lemma diag_gram_derivative:
  fixes V :: "real \<Rightarrow> complex^'n::finite^'n"
  assumes Vder: "(V has_vector_derivative V') (at t)"
    and gram: "\<And>s. cadj (V s) ** V s = diag_mat (\<lambda>k. of_real (p k s))"
  shows "j \<noteq> k \<Longrightarrow> (cadj V' ** V t + cadj (V t) ** V') $ j $ k = 0"
    and "(p k has_real_derivative 2 * Re ((cadj (V t) ** V') $ k $ k)) (at t)"
proof -
  have entry: "((\<lambda>s. (cadj (V s) ** V s) $ j $ k) has_vector_derivative
      (cadj V' ** V t + cadj (V t) ** V') $ j $ k) (at t)" for j k
    by (intro bounded_linear.has_vector_derivative[OF _ has_vector_derivative_cadj_mult[OF Vder]]
        bounded_linear_compose[OF bounded_linear_vec_nth bounded_linear_vec_nth])
  show "(cadj V' ** V t + cadj (V t) ** V') $ j $ k = 0" if "j \<noteq> k"
  proof (rule vector_derivative_unique_at[OF entry])
    show "((\<lambda>s. (cadj (V s) ** V s) $ j $ k) has_vector_derivative 0) (at t)"
      using that by (simp add: gram diag_mat_def)
  qed
  have "((\<lambda>s. Re ((cadj (V s) ** V s) $ k $ k)) has_vector_derivative
      Re ((cadj V' ** V t + cadj (V t) ** V') $ k $ k)) (at t)"
    by (rule bounded_linear.has_vector_derivative[OF bounded_linear_Re entry])
  moreover have "(cadj V' ** V t) $ k $ k = cnj ((cadj (V t) ** V') $ k $ k)"
    by (simp add: matrix_mult_nth mult.commute)
  ultimately show "(p k has_real_derivative 2 * Re ((cadj (V t) ** V') $ k $ k)) (at t)"
    by (simp add: gram diag_mat_def has_real_derivative_iff_has_vector_derivative)
qed

theorem sld_information_eq_iff_normalized_columns_constant:
  fixes V V' L :: "real \<Rightarrow> complex^'n::finite^'n" and p :: "'n \<Rightarrow> real \<Rightarrow> real"
  assumes pos: "\<And>k t. 0 < p k t"
    and Vder: "\<And>t. (V has_vector_derivative V' t) (at t)"
    and gram: "\<And>t. cadj (V t) ** V t = diag_mat (\<lambda>k. of_real (p k t))"
    and herm: "\<And>t. hermitian (L t)"
    and sld: "\<And>t. V' t ** cadj (V t) + V t ** cadj (V' t)
                = (1/2) *\<^sub>R (V t ** cadj (V t) ** L t + L t ** (V t ** cadj (V t)))"
  shows "(\<forall>t. trace (V t ** cadj (V t) ** L t ** L t) = 4 * trace (cadj (V' t) ** V' t))
    \<longleftrightarrow> (\<forall>k. \<exists>v. \<forall>t. (1 / sqrt (p k t)) *\<^sub>R column k (V t) = v)"
proof -
  define c where "c k t = Re ((cadj (V t) ** V' t) $ k $ k) / p k t" for k t
  define W' where "W' k t = (1 / sqrt (p k t)) *\<^sub>R (column k (V' t) - c k t *\<^sub>R column k (V t))" for k t
  have "((\<lambda>s. (1 / sqrt (p k s)) *\<^sub>R column k (V s)) has_vector_derivative W' k t) (at t)" for k t
    using has_vector_derivative_normalize[OF pos diag_gram_derivative(2)[OF Vder gram]
        bounded_linear.has_vector_derivative[OF bounded_linear_column Vder]]
    by (simp add: W'_def c_def)
  then have constant_iff: "(\<exists>v. \<forall>t. (1 / sqrt (p k t)) *\<^sub>R column k (V t) = v) \<longleftrightarrow> (\<forall>t. W' k t = 0)" for k
    by (rule constant_iff_vector_derivative_zero)
  have pointwise: "trace (V t ** cadj (V t) ** L t ** L t) = 4 * trace (cadj (V' t) ** V' t)
      \<longleftrightarrow> (\<forall>k. W' k t = 0)" for t
  proof -
    have "trace (V t ** cadj (V t) ** L t ** L t) = 4 * trace (cadj (V' t) ** V' t)
        \<longleftrightarrow> real_diagonal (cadj (V t) ** V' t)"
      by (rule sld_information_eq_iff[OF pos gram herm sld diag_gram_derivative(1)[OF Vder gram]])
    also have "\<dots> \<longleftrightarrow> (\<forall>k. column k (V' t) = c k t *\<^sub>R column k (V t))"
      unfolding c_def by (rule real_diagonal_iff_columns[OF pos gram])
    also have "\<dots> \<longleftrightarrow> (\<forall>k. W' k t = 0)"
    proof -
      have "W' k t = 0 \<longleftrightarrow> column k (V' t) = c k t *\<^sub>R column k (V t)" for k
        using pos[of k t] by (simp add: W'_def)
      then show ?thesis
        by simp
    qed
    finally show ?thesis .
  qed
  show ?thesis
    unfolding pointwise constant_iff by blast
qed

definition kraus_columns :: "('k::finite \<Rightarrow> complex^'n^'n) \<Rightarrow> complex^'n \<Rightarrow> complex^'k^'n" where
  "kraus_columns E psi = (\<chi> i k. (E k *v psi) $ i)"

lemma column_kraus_columns [simp]: "column k (kraus_columns E psi) = E k *v psi"
  by (simp add: column_def kraus_columns_def)

lemma channel_out_outer:
  "channel_out E (outer psi psi) = kraus_columns E psi ** cadj (kraus_columns E psi)"
proof -
  have "channel_out E (outer psi psi) = (\<Sum>k\<in>UNIV. outer (E k *v psi) (E k *v psi))"
    by (simp add: channel_out_def outer_mult_left outer_mult_cadj)
  then show ?thesis
    by (simp add: vec_eq_iff sum_component outer_def matrix_mult_nth kraus_columns_def)
qed

lemma gram_kraus_columns_nth:
  "(cadj (kraus_columns E psi) ** kraus_columns F psi) $ j $ k = trace (F k ** outer psi psi ** cadj (E j))"
  by (simp only: outer_mult_left outer_mult_cadj)
    (simp add: trace_def outer_def matrix_mult_nth kraus_columns_def mult.commute)

lemma C_Ups_eq_trace:
  "C_Ups U' psi t = 4 * trace (cadj (kraus_columns (\<lambda>k. U' k t) psi) ** kraus_columns (\<lambda>k. U' k t) psi)"
  by (simp add: C_Ups_def trace_def[of "_ ** _"] gram_kraus_columns_nth)

lemma has_vector_derivative_kraus_columns:
  fixes E :: "'k::finite \<Rightarrow> real \<Rightarrow> complex^'n::finite^'n"
  assumes "\<And>k. (E k has_vector_derivative E' k) (at t)"
  shows "((\<lambda>s. kraus_columns (\<lambda>k. E k s) psi) has_vector_derivative kraus_columns E' psi) (at t)"
proof -
  have bl: "bounded_linear (\<lambda>A::complex^'n^'n. (A *v psi) $ i)" for i
    by (auto simp: linear_conv_bounded_linear[symmetric] matrix_vector_mult_def sum.distrib
        distrib_right scaleR_sum_right intro!: linearI)
  show ?thesis
    unfolding kraus_columns_def
    by (rule has_vector_derivative_vec_lambda, rule has_vector_derivative_vec_lambda,
        rule bounded_linear.has_vector_derivative[OF bl assms])
qed

theorem lemma3:
  fixes U U' :: "'n::finite \<Rightarrow> real \<Rightarrow> complex^'n^'n"
    and psi0 :: "complex^'n"
    and p :: "'n \<Rightarrow> real \<Rightarrow> real"
    and L :: "real \<Rightarrow> complex^'n^'n"
  assumes unit: "norm psi0 = 1"
    and kraus: "\<forall>\<theta>. (\<Sum>k\<in>UNIV. cadj (U k \<theta>) ** U k \<theta>) = mat 1"
    and deriv: "\<forall>k \<theta>. (U k has_vector_derivative U' k \<theta>) (at \<theta>)"
    and canonical: "\<forall>j k \<theta>. trace (U k \<theta> ** outer psi0 psi0 ** cadj (U j \<theta>))
                              = (if j = k then complex_of_real (p k \<theta>) else 0)"
    and pos: "\<forall>j \<theta>. p j \<theta> > 0"
    and SLD: "\<forall>\<theta>. hermitian (L \<theta>) \<and>
               vector_derivative (rho_out U psi0) (at \<theta>)
                 = (1/2) *\<^sub>R (rho_out U psi0 \<theta> ** L \<theta> + L \<theta> ** rho_out U psi0 \<theta>)"
  shows "(\<forall>\<theta>. trace (rho_out U psi0 \<theta> ** L \<theta> ** L \<theta>) = C_Ups U' psi0 \<theta>)
         \<longleftrightarrow> (\<forall>k. \<exists>v. \<forall>\<theta>. wvec U p psi0 k \<theta> = v)"
proof -
  define V where "V t = kraus_columns (\<lambda>k. U k t) psi0" for t
  define V' where "V' t = kraus_columns (\<lambda>k. U' k t) psi0" for t
  have Vder: "(V has_vector_derivative V' t) (at t)" for t
    unfolding V_def[abs_def] V'_def
    by (rule has_vector_derivative_kraus_columns) (use deriv in blast)
  have rho: "rho_out U psi0 = (\<lambda>t. V t ** cadj (V t))"
    by (simp add: fun_eq_iff rho_out_def V_def channel_out_outer)
  have gram: "cadj (V t) ** V t = diag_mat (\<lambda>k. of_real (p k t))" for t
    using canonical by (simp add: vec_eq_iff V_def gram_kraus_columns_nth diag_mat_def)
  have sld: "V' t ** cadj (V t) + V t ** cadj (V' t)
      = (1/2) *\<^sub>R (V t ** cadj (V t) ** L t + L t ** (V t ** cadj (V t)))" for t
    using SLD vector_derivative_at[OF has_vector_derivative_mult_cadj[OF Vder]] by (simp add: rho)
  have "C_Ups U' psi0 t = 4 * trace (cadj (V' t) ** V' t)" for t
    by (simp add: V'_def C_Ups_eq_trace)
  moreover have "wvec U p psi0 k = (\<lambda>t. (1 / sqrt (p k t)) *\<^sub>R column k (V t))" for k
    by (simp add: fun_eq_iff wvec_def V_def)
  ultimately show ?thesis
    using sld_information_eq_iff_normalized_columns_constant[OF _ Vder gram _ sld] pos SLD
    by (simp add: rho)
qed

end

• _What needs to be done_: Count, in the records above, the lines that contain the word "longleftrightarrow"; the answer is that number alone.

• _Answer_: 8